Immediate support lies at $1.79 – $1.80, a zone that has triggered four rebounds since September. Maintaining daily closes above this band keeps the possibility of a short-term recovery alive. A close above $2.06 would neutralize the near-term downtrend, while reclaiming $2.57 would signal momentum toward $3.12 – $3.64, the July 2025 congestion zone.

Failure below $1.76 risks cascading stops toward $1.55, and loss of that level reopens $1.36, a critical historical liquidity pocket.

Trading News Verdict — HOLD (Bullish Bias Above $1.80, Cautious Below)

XRP’s structure embodies contradiction: record institutional access via ETFs, resolved regulation, and global payment alignment — yet near-term price suppression from whale supply and macro tightening. The token trades under intrinsic value if adoption continues, but execution speed will dictate trajectory.

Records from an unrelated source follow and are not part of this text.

(* Let $k\ge 1$, $0\le r<k$ and $n\ge1$ be integers, and let $$B_n(k,r,x;q)=\left(\begin{bmatrix} i-k+r+1\\ i-j\end{bmatrix}_q x^k+q^{(k-1)j}\begin{bmatrix} i+r+1\\ i-j+1\end{bmatrix}_q\right)_{i,j=0}^{n-1}.$$ Then $x^r\det B_n(k,r,x;q)=F^{(k)}_{kn+r}(x;q)$.
   Context: Here $q$ is an indeterminate and all quantities lie in $\mathbb{Q}(q)[x]$. The $q$-binomial coefficient is defined for integers $m$ (possibly negative) and $j$ by $\begin{bmatrix} m\\ j\end{bmatrix}_q=\prod_{t=0}^{j-1}\frac{1-q^{m-t}}{1-q^{t+1}}$ if $j\ge0$ and $0$ if $j<0$. For an integer $k\ge1$, the $q$-Fibonacci polynomials $F^{(k)}_n(x;q)$ ($n\ge0$) are defined by $F^{(k)}_n(x;q)=x^n$ for $0\le n<k$ and $F^{(k)}_{n+k}(x;q)=xF^{(k)}_{n+k-1}(x;q)+q^nF^{(k)}_n(x;q)$ for $n\ge0$. *)

theory Defs
  imports "Jordan_Normal_Form.Determinant" "HOL-Computational_Algebra.Fraction_Field"
    "HOL-Computational_Algebra.Polynomial"
begin

definition qbinom :: "'a::field \<Rightarrow> int \<Rightarrow> int \<Rightarrow> 'a" where
  "qbinom q m j = (if j < 0 then 0 else
     (\<Prod>t<nat j. (1 - q powi (m - int t)) / (1 - q ^ (t + 1))))"

function qfib :: "nat \<Rightarrow> 'a::comm_ring_1 \<Rightarrow> 'a \<Rightarrow> nat \<Rightarrow> 'a" where
  "qfib k q x n = (if n < k \<or> k = 0 then x ^ n
      else x * qfib k q x (n - 1) + q ^ (n - k) * qfib k q x (n - k))"
  by auto
termination by (relation "measure (\<lambda>(k,q,x,n). n)") auto

definition qq :: "rat poly fract" where "qq = Fract [:0, 1:] 1"

definition xx :: "rat poly fract poly" where "xx = [:0, 1:]"

end

theory Submission
  imports Defs
begin

text \<open>
  Expanding the recurrence gives F_n = \<Sum>_l q^(k C(l,2)) [n-(k-1)l, l]_q x^(n-kl).
  With the weights \<omega>_j = (-1)^j q^(-(k-1) C(j+1,2)), the vector w_j = \<omega>_j F_(kj+r) is
  annihilated by every row of the lower Hessenberg matrix B: after expanding each F, the
  q-Vandermonde identity (with one upper index negated) sums the coefficient of every power of x
  in closed form, and the x^k-part and the constant part of a row turn out to be the same
  polynomial with opposite signs. For a lower Hessenberg matrix with such a kernel vector, Laplace
  expansion gives w_0 det B = (-1)^n w_n \<Prod>_i b_(i,i+1); here w_0 = x^r, and the
  superdiagonal product q^((k-1) C(n+1,2)) cancels \<omega>_n.
\<close>

fun triangular :: "nat \<Rightarrow> int" where
  "triangular 0 = 0"
| "triangular (Suc n) = triangular n + int n"

lemma triangular_add: "triangular (a + b) = triangular a + triangular b + int a * int b"
  by (induction b) (auto simp: algebra_simps)

lemma two_triangular: "2 * triangular n = int n * (int n - 1)"
  by (induction n) (auto simp: algebra_simps)

lemma smult_sum_right: "smult a (\<Sum>i\<in>S. f i) = (\<Sum>i\<in>S. smult a (f i))"
  by (induction S rule: infinite_finite_induct) (auto simp: smult_add_right)

lemma sum_atMost_triangle_reindex:
  "(\<Sum>j\<le>(N::nat). \<Sum>l\<le>j. h j l) = (\<Sum>t\<le>N. \<Sum>l\<le>N - t. h (t + l) l)"
proof -
  have "(\<Sum>j\<le>N. \<Sum>l\<le>j. h j l) = (\<Sum>(j, l)\<in>Sigma {..N} (\<lambda>j. {..j}). h j l)"
    by (subst sum.Sigma) auto
  also have "\<dots> = (\<Sum>(t, l)\<in>Sigma {..N} (\<lambda>t. {..N - t}). h (t + l) l)"
    by (rule sum.reindex_bij_witness[where i = "\<lambda>(t, l). (t + l, l)" and j = "\<lambda>(j, l). (j - l, l)"]) auto
  also have "\<dots> = (\<Sum>t\<le>N. \<Sum>l\<le>N - t. h (t + l) l)"
    by (subst sum.Sigma) auto
  finally show ?thesis .
qed

lemma det_mat_lower_triangular:
  assumes "\<And>i j. i < j \<Longrightarrow> j < n \<Longrightarrow> f (i, j) = 0"
  shows "det (mat n n f) = (\<Prod>i<n. f (i, i))"
proof -
  have "det (mat n n f) = prod_list (diag_mat (mat n n f))"
    using assms by (intro det_lower_triangular[of n]) auto
  also have "\<dots> = prod_list (map (\<lambda>i. f (i, i)) [0..<n])"
    unfolding diag_mat_def by (intro arg_cong[where f = prod_list] map_cong) auto
  also have "\<dots> = (\<Prod>i<n. f (i, i))"
    by (simp add: prod.list_conv_set_nth atLeast0LessThan)
  finally show ?thesis .
qed

lemma det_identity_first_column:
  "det (mat (Suc m) (Suc m) (\<lambda>(i, j). if j = 0 then w i else if i = j then 1 else 0)) = (w 0 :: 'a::comm_ring_1)"
proof -
  have "det (mat (Suc m) (Suc m) (\<lambda>(i, j). if j = 0 then w i else if i = j then 1 else 0))
      = (\<Prod>i<Suc m. if i = 0 then w 0 else (1 :: 'a))"
    by (subst det_mat_lower_triangular, force) (rule prod.cong; simp)
  then show ?thesis
    by (simp only: prod.lessThan_Suc_shift) simp
qed

lemma mat_mult_identity_first_column:
  fixes B :: "'a::comm_ring_1 mat"
  assumes "B \<in> carrier_mat n n" and "i < n" and "j < n"
  shows "(B * mat n n (\<lambda>(i, j). if j = 0 then w i else if i = j then 1 else 0)) $$ (i, j)
       = (if j = 0 then (\<Sum>l<n. B $$ (i, l) * w l) else B $$ (i, j))"
proof (cases "j = 0")
  case True
  then show ?thesis
    using assms by (auto simp: scalar_prod_def atLeast0LessThan intro!: sum.cong)
next
  case False
  then have "(B * mat n n (\<lambda>(i, j). if j = 0 then w i else if i = j then 1 else 0)) $$ (i, j)
      = (\<Sum>l\<in>{0..<n}. B $$ (i, l) * (if l = j then 1 else 0))"
    using assms by (auto simp: scalar_prod_def intro!: sum.cong)
  then show ?thesis
    using assms False by (simp add: if_distrib cong: if_cong)
qed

Maintaining $1.79 support keeps the market in accumulation mode. Sustained closes above $2.15 could flip the trend toward $2.57 – $3.12 by early 2026. For now, HOLD with bullish bias above $1.80 remains the rational stance until ETF liquidity stabilizes and whale selling subsides.

Current Price: $1.93 Market Cap: $114 B Support: $1.79 / $1.76 Resistance: $2.15 / $2.30 / $2.84 RSI: 24 (oversold) ETF Inflows: $250 M – $300 M 2026 Price Potential: $2.80 – $4.80 if ETF flows sustain

Ripple’s next phase hinges on whether institutional capital treats XRP as a utility asset or a macro proxy. The answer will define the difference between consolidation near $2 and a long-term re-rating toward $5 plus.